MW in the UK: "Half of navy’s helicopters grounded by cash shortage..."
http://www.theherald.co.uk/news/61099.html


----------



## Wildcat (May 16, 2006)

Pretty p*ss poor in both cases don't you reckon Roy?


----------



## Royzee617 (May 16, 2006)

Yup.
MW:
Kaman Corp.
(Nasdaq: KAMN) today issued a statement regarding its Australian SH-2G(A)
helicopter program.
Over the past several years, the company has reported extensively on
its SH-2G(A) helicopter program for the Royal Australian Navy (RAN), a USD
611 million fixed-price contract for 11 aircraft featuring a new
technology- advancing Integrated Tactical Avionics System (ITAS). While the
basic aircraft have been completed for several years and nine have been
provisionally accepted by the Commonwealth, they have lacked the full ITAS
system. The company has reported on the substantial charges it has taken to
provide the funding to complete the program, and has reported its progress
toward the ITAS completion in its quarterly releases and public filings.
Kaman has been working closely with the RAN and believes the program is
close to completion.

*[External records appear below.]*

text \<open>
  The group \<open>Q = \<gamma>\<^sub>2(G)\<close> is an \<open>\<bbbF>\<^sub>p\<close>-vector space with basis
  \<open>\<beta>, \<beta>\<^sub>1, \<beta>\<^sub>2, \<eta>\<^sub>1\<^sub>1, \<eta>\<^sub>1\<^sub>2\<close>. Since \<open>Q\<close> is abelian, \<open>\<eta>\<^sub>2\<^sub>1 = \<eta>\<^sub>1\<^sub>2\<close>, so in these coordinates
  commutation with \<open>\<alpha>\<^sub>1\<close> and \<open>\<alpha>\<^sub>2\<close> is \<open>(k, i, j, a, b) \<mapsto> (0, k, 0, i, j)\<close> and
  \<open>(k, i, j, a, b) \<mapsto> (0, 0, k, m j, i + n j)\<close>. Every element of \<open>G\<close> is
  \<open>\<alpha>\<^sub>1\<^sup>a \<alpha>\<^sub>2\<^sup>b c\<close> with \<open>c \<in> Q\<close>, and its commutators with \<open>\<alpha>\<^sub>1\<close>, \<open>\<alpha>\<^sub>2\<close> have
  \<open>\<beta>\<close>-coordinates \<open>-b\<close> and \<open>a\<close>. Hence \<open>Z(G) = \<langle>\<eta>\<^sub>1\<^sub>1, \<eta>\<^sub>1\<^sub>2\<rangle>\<close>, and for a central
  subgroup \<open>H\<close> the preimage of \<open>Z(G/H)\<close>, i.e. the set of \<open>x\<close> with \<open>[x, G] \<subseteq> H\<close>,
  consists of the \<open>(0, i, j, a, b)\<close> such that both \<open>(i, j)\<close> and \<open>(m j, i + n j)\<close> lie
  in \<open>H\<close>, viewed as a line in \<open>\<langle>\<eta>\<^sub>1\<^sub>1, \<eta>\<^sub>1\<^sub>2\<rangle> \<cong> \<bbbF>\<^sub>p\<^sup>2\<close>. Thus \<open>|Z(G/H)| = p\<^sup>2\<close> exactly
  when \<open>H\<close> is spanned by an eigenvector \<open>(i, j)\<close> of \<open>(i, j) \<mapsto> (m j, i + n j)\<close>. Such
  an eigenvector has \<open>j \<noteq> 0\<close> and satisfies \<open>m j\<^sup>2 - n i j - i\<^sup>2 = 0\<close>, the equation of
  the statement for \<open>(\<lambda>, \<mu>) = (j, -i)\<close>.
\<close>

section \<open>Commutators\<close>

context group
begin

abbreviation comm :: "'a \<Rightarrow> 'a \<Rightarrow> 'a" where
  "comm x y \<equiv> grp_comm G x y"

lemma mult_inv_cancel_left [simp]: "x \<in> carrier G \<Longrightarrow> y \<in> carrier G \<Longrightarrow> x \<otimes> (inv x \<otimes> y) = y"
  by (simp flip: m_assoc)

lemma inv_mult_cancel_left [simp]: "x \<in> carrier G \<Longrightarrow> y \<in> carrier G \<Longrightarrow> inv x \<otimes> (x \<otimes> y) = y"
  by (simp flip: m_assoc)

lemma comm_closed [simp]: "x \<in> carrier G \<Longrightarrow> y \<in> carrier G \<Longrightarrow> comm x y \<in> carrier G"
  by (simp add: grp_comm_def)

lemma comm_one_left [simp]: "y \<in> carrier G \<Longrightarrow> comm \<one> y = \<one>"
  by (simp add: grp_comm_def m_assoc)

lemma comm_one_right [simp]: "x \<in> carrier G \<Longrightarrow> comm x \<one> = \<one>"
  by (simp add: grp_comm_def m_assoc)

lemma inv_comm: "x \<in> carrier G \<Longrightarrow> y \<in> carrier G \<Longrightarrow> inv (comm x y) = comm y x"
  by (simp add: grp_comm_def m_assoc inv_mult_group)

lemma conj_eq_mult_comm: "x \<in> carrier G \<Longrightarrow> g \<in> carrier G \<Longrightarrow> inv g \<otimes> x \<otimes> g = x \<otimes> comm x g"
  by (simp add: grp_comm_def m_assoc)

lemma mult_eq_mult_comm: "x \<in> carrier G \<Longrightarrow> y \<in> carrier G \<Longrightarrow> x \<otimes> y = y \<otimes> x \<otimes> comm x y"
  by (simp add: grp_comm_def m_assoc)

lemma comm_mult_left:
  "x \<in> carrier G \<Longrightarrow> y \<in> carrier G \<Longrightarrow> z \<in> carrier G \<Longrightarrow>
   comm (x \<otimes> y) z = (inv y \<otimes> comm x z \<otimes> y) \<otimes> comm y z"
  by (simp add: grp_comm_def m_assoc inv_mult_group)

lemma comm_mult_right:
  "x \<in> carrier G \<Longrightarrow> y \<in> carrier G \<Longrightarrow> z \<in> carrier G \<Longrightarrow>
   comm x (y \<otimes> z) = comm x z \<otimes> (inv z \<otimes> comm x y \<otimes> z)"
  by (simp add: grp_comm_def m_assoc inv_mult_group)

lemma comm_eq_one_iff:
  assumes "x \<in> carrier G" "y \<in> carrier G"
  shows "comm x y = \<one> \<longleftrightarrow> x \<otimes> y = y \<otimes> x"
proof -
  have "comm x y = inv (y \<otimes> x) \<otimes> (x \<otimes> y)"
    using assms by (simp add: grp_comm_def m_assoc inv_mult_group)
  also have "\<dots> = \<one> \<longleftrightarrow> x \<otimes> y = y \<otimes> x \<otimes> \<one>"
    using assms by (simp only: inv_solve_left' one_closed m_closed)
  finally show ?thesis using assms by simp
qed

lemma comm_self [simp]: "x \<in> carrier G \<Longrightarrow> comm x x = \<one>"
  by (simp add: comm_eq_one_iff)

lemma comm_pow_self [simp]: "x \<in> carrier G \<Longrightarrow> comm (x [^] (k::nat)) x = \<one>"
  by (simp add: comm_eq_one_iff) (metis nat_pow_Suc nat_pow_Suc2)

lemma comm_in_comm_subgroup:
  "a \<in> A \<Longrightarrow> b \<in> B \<Longrightarrow> comm a b \<in> comm_subgroup G A B"
  unfolding comm_subgroup_def by (rule generate.incl) blast

lemma finite_submonoid_is_subgroup:
  assumes "finite (carrier G)" and "M \<subseteq> carrier G" and "\<one> \<in> M"
    and mult: "\<And>x y. x \<in> M \<Longrightarrow> y \<in> M \<Longrightarrow> x \<otimes> y \<in> M"
  shows "subgroup M G"
proof (rule subgroupI)
  have pow: "x [^] (k::nat) \<in> M" if "x \<in> M" for x k
    using that \<open>\<one> \<in> M\<close> by (induction k) (auto intro: mult)
  fix x assume x: "x \<in> M"
  then have xG: "x \<in> carrier G" using \<open>M \<subseteq> carrier G\<close> by blast
  have "0 < order G"
    using assms(1) by (auto simp: order_def card_gt_0_iff)
  then have "x [^] (order G - 1) \<otimes> x = \<one>"
    using pow_order_eq_1[OF xG] by (metis Suc_diff_1 nat_pow_Suc)
  then have "inv x = x [^] (order G - 1)"
    using xG by (simp add: inv_equality)
  then show "inv x \<in> M" using pow[OF x] by simp
qed (use assms in auto)

lemma generate_subset_finite_submonoid:
  assumes "finite (carrier G)" and "M \<subseteq> carrier G" and "\<one> \<in> M"
    and "\<And>x y. x \<in> M \<Longrightarrow> y \<in> M \<Longrightarrow> x \<otimes> y \<in> M" and "S \<subseteq> M"
  shows "generate G S \<subseteq> M"
  using generate_subgroup_incl[OF \<open>S \<subseteq> M\<close> finite_submonoid_is_subgroup] assms by blast

lemma subgroup_nat_pow_closed: "subgroup H G \<Longrightarrow> h \<in> H \<Longrightarrow> h [^] (k::nat) \<in> H"
  by (induction k) (simp_all add: subgroup.one_closed subgroup.m_closed)

lemma normalI_generate:
  assumes "finite (carrier G)" and "generate G S = carrier G" and "subgroup N G"
    and conj: "\<And>s x. s \<in> S \<Longrightarrow> x \<in> N \<Longrightarrow> inv s \<otimes> x \<otimes> s \<in> N"
  shows "N \<lhd> G"
proof (rule normal_invI[OF assms(3)])
  let ?M = "{g \<in> carrier G. \<forall>x \<in> N. inv g \<otimes> x \<otimes> g \<in> N}"
  have NG: "N \<subseteq> carrier G" using subgroup.subset[OF assms(3)] .
  have "generate G S \<subseteq> ?M"
  proof (rule generate_subset_finite_submonoid[OF assms(1)])
    fix g h assume g: "g \<in> ?M" and h: "h \<in> ?M"
    have "inv (g \<otimes> h) \<otimes> x \<otimes> (g \<otimes> h) = inv h \<otimes> (inv g \<otimes> x \<otimes> g) \<otimes> h" if "x \<in> N" for x
      using g h that NG by (auto simp: m_assoc inv_mult_group)
    then show "g \<otimes> h \<in> ?M" using g h by auto
  next
    have "S \<subseteq> carrier G" using assms(2) generate.incl[of _ S G] by blast
    then show "S \<subseteq> ?M" using conj by blast
  qed (use NG in auto)
  then have "inv (inv x) \<otimes> h \<otimes> inv x \<in> N" if "x \<in> carrier G" "h \<in> N" for x h
    using that assms(2) by auto
  then show "x \<otimes> h \<otimes> inv x \<in> N" if "x \<in> carrier G" "h \<in> N" for x h
    using that by simp
qed

lemma comm_central: "z \<in> grp_center G \<Longrightarrow> g \<in> carrier G \<Longrightarrow> comm z g = \<one>"
  by (simp add: grp_center_def comm_eq_one_iff)

lemma subgroup_grp_center: "subgroup (grp_center G) G"
proof (rule subgroupI)
  fix z assume z: "z \<in> grp_center G"
  have "inv z \<otimes> g = g \<otimes> inv z" if g: "g \<in> carrier G" for g
  proof -
    have zG: "z \<in> carrier G" using z by (simp add: grp_center_def)
    have "inv z \<otimes> g = inv (inv g \<otimes> z)" using zG g by (simp add: inv_mult_group)
    also have "inv g \<otimes> z = z \<otimes> inv g" using z g by (simp add: grp_center_def)
    also have "inv (z \<otimes> inv g) = g \<otimes> inv z" using zG g by (simp add: inv_mult_group)
    finally show ?thesis .
  qed
  then show "inv z \<in> grp_center G" using z by (simp add: grp_center_def)
next
  fix z w assume z: "z \<in> grp_center G" and w: "w \<in> grp_center G"
  then have zG: "z \<in> carrier G" and wG: "w \<in> carrier G" by (simp_all add: grp_center_def)
  have "z \<otimes> w \<otimes> g = g \<otimes> (z \<otimes> w)" if g: "g \<in> carrier G" for g
  proof -
    have "z \<otimes> w \<otimes> g = z \<otimes> (g \<otimes> w)" using w g zG wG by (simp add: grp_center_def m_assoc)
    also have "\<dots> = g \<otimes> z \<otimes> w" using z g zG wG by (simp add: grp_center_def flip: m_assoc)
    finally show ?thesis using g zG wG by (simp add: m_assoc)
  qed
  then show "z \<otimes> w \<in> grp_center G" using zG wG by (simp add: grp_center_def)
qed (auto simp: grp_center_def intro!: exI[of _ \<one>])

end

section \<open>The centre of a quotient group\<close>

definition (in group) center_preimage :: "'a set \<Rightarrow> 'a set" where
  "center_preimage H = {x \<in> carrier G. \<forall>y \<in> carrier G. comm x y \<in> H}"

lemma (in group) central_subgroup_normal:
  assumes "subgroup H G" and "H \<subseteq> grp_center G"
  shows "H \<lhd> G"
  unfolding normal_inv_iff
proof (intro conjI assms ballI)
  fix x h assume x: "x \<in> carrier G" and h: "h \<in> H"
  then have "x \<otimes> h = h \<otimes> x" using assms(2) by (auto simp: grp_center_def)
  then show "x \<otimes> h \<otimes> inv x \<in> H"
    using x h subgroup.mem_carrier[OF assms(1)] by (simp add: m_assoc)
qed

context normal
begin

lemma rcos_eq_iff_inv_mult:
  assumes a: "a \<in> carrier G" and b: "b \<in> carrier G"
  shows "H #> a = H #> b \<longleftrightarrow> inv b \<otimes> a \<in> H"
proof -
  have "H #> a = H #> b \<longleftrightarrow> a \<in> H #> b"
    using rcos_self[OF a is_subgroup] repr_independence[OF _ b is_subgroup] by metis
  also have "\<dots> \<longleftrightarrow> a \<otimes> inv b \<in> H"
    using rcos_module[OF is_group b a] .
  also have "\<dots> \<longleftrightarrow> inv b \<otimes> a \<in> H"
  proof
    assume "a \<otimes> inv b \<in> H"
    from inv_op_closed1[OF b this] show "inv b \<otimes> a \<in> H" using a b by (simp add: m_assoc)
  next
    assume "inv b \<otimes> a \<in> H"
    from inv_op_closed2[OF b this] show "a \<otimes> inv b \<in> H" using a b by (simp flip: m_assoc)
  qed
  finally show ?thesis .
qed

lemma rcos_in_grp_center_FactGroup_iff:
  assumes "x \<in> carrier G"
  shows "H #> x \<in> grp_center (G Mod H) \<longleftrightarrow> x \<in> center_preimage H"
proof -
  have "rcosets H = (\<lambda>y. H #> y) ` carrier G" by (auto simp: RCOSETS_def)
  then have "H #> x \<in> grp_center (G Mod H) \<longleftrightarrow> (\<forall>y \<in> carrier G. H #> (x \<otimes> y) = H #> (y \<otimes> x))"
    using assms by (simp add: grp_center_def FactGroup_def rcos_sum)
  also have "\<dots> \<longleftrightarrow> (\<forall>y \<in> carrier G. comm x y \<in> H)"
    using assms by (simp add: rcos_eq_iff_inv_mult grp_comm_def inv_mult_group m_assoc)
  finally show ?thesis using assms by (simp add: center_preimage_def)
qed

lemma grp_center_FactGroup: "grp_center (G Mod H) = (\<lambda>x. H #> x) ` center_preimage H"
proof
  show "grp_center (G Mod H) \<subseteq> (\<lambda>x. H #> x) ` center_preimage H"
  proof
    fix Y assume Y: "Y \<in> grp_center (G Mod H)"
    then obtain x where "x \<in> carrier G" and "Y = H #> x"
      by (auto simp: grp_center_def FactGroup_def RCOSETS_def)
    then show "Y \<in> (\<lambda>x. H #> x) ` center_preimage H"
      using Y rcos_in_grp_center_FactGroup_iff by blast
  qed
  show "(\<lambda>x. H #> x) ` center_preimage H \<subseteq> grp_center (G Mod H)"
    using rcos_in_grp_center_FactGroup_iff by (auto simp: center_preimage_def)
qed

lemma subset_center_preimage: "H \<subseteq> center_preimage H"
proof
  fix h assume h: "h \<in> H"
  then have hG: "h \<in> carrier G" by simp
  have "comm h y \<in> H" if y: "y \<in> carrier G" for y
  proof -
    have "comm h y = inv h \<otimes> (inv y \<otimes> h \<otimes> y)"
      using hG y by (simp add: grp_comm_def m_assoc)
    then show ?thesis using h y by (simp add: inv_op_closed1)
  qed
  then show "h \<in> center_preimage H" using hG by (simp add: center_preimage_def)
qed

In May 2006, the company finished the last of
approximately 400 pre-qualification software tests of the ITAS software,
and is in preparation for the final qualification testing to be witnessed
by the Commonwealth. This process is expected to be followed by acceptance
of the fully capable helicopters.
In its press release of May 2, 2006, the company reported that the
Royal Australian Navy had encountered an anomalous flight condition on one
of its training aircraft that was attributed to the aircraft's airspeed
sensor. This anomaly, involving a small component from a supplier, is not
impacting the development process for the ITAS. The company also reported
that the Australian Navy's Operations Airworthiness Authority had suspended
flying operations pending resolution and that final acceptance of the
aircraft would not occur until the issue had been resolved. The company
believes that it has determined the cause of the anomaly and has a plan for
resolution of the issue.
Paul Kuhn, Chairman, President and CEO said, "Early this week, articles
appeared in the Australian media that are critical of the program. At least
one article questioned the safety of the aircraft. In fact, there is a
significant history of safe operations for this aircraft type with the U.S.
Navy and currently with several other naval services including the Royal
New Zealand Navy. We are confident that the same will be the case for the
Australian aircraft, and believe that working through the remaining
technical issues is the most timely and cost-effective route to fulfilling
the RAN's mission requirements. We look forward to the introduction of the
fully- capable SH-2G(A) helicopters into service with the Royal Australian
Navy.


----------



## Wildcat (May 16, 2006)

Very interesting. For their sake I hope they get it right because there's talk of the Government sueing the companies if they don't.


----------



## Royzee617 (May 17, 2006)

I bet they are really scared!


----------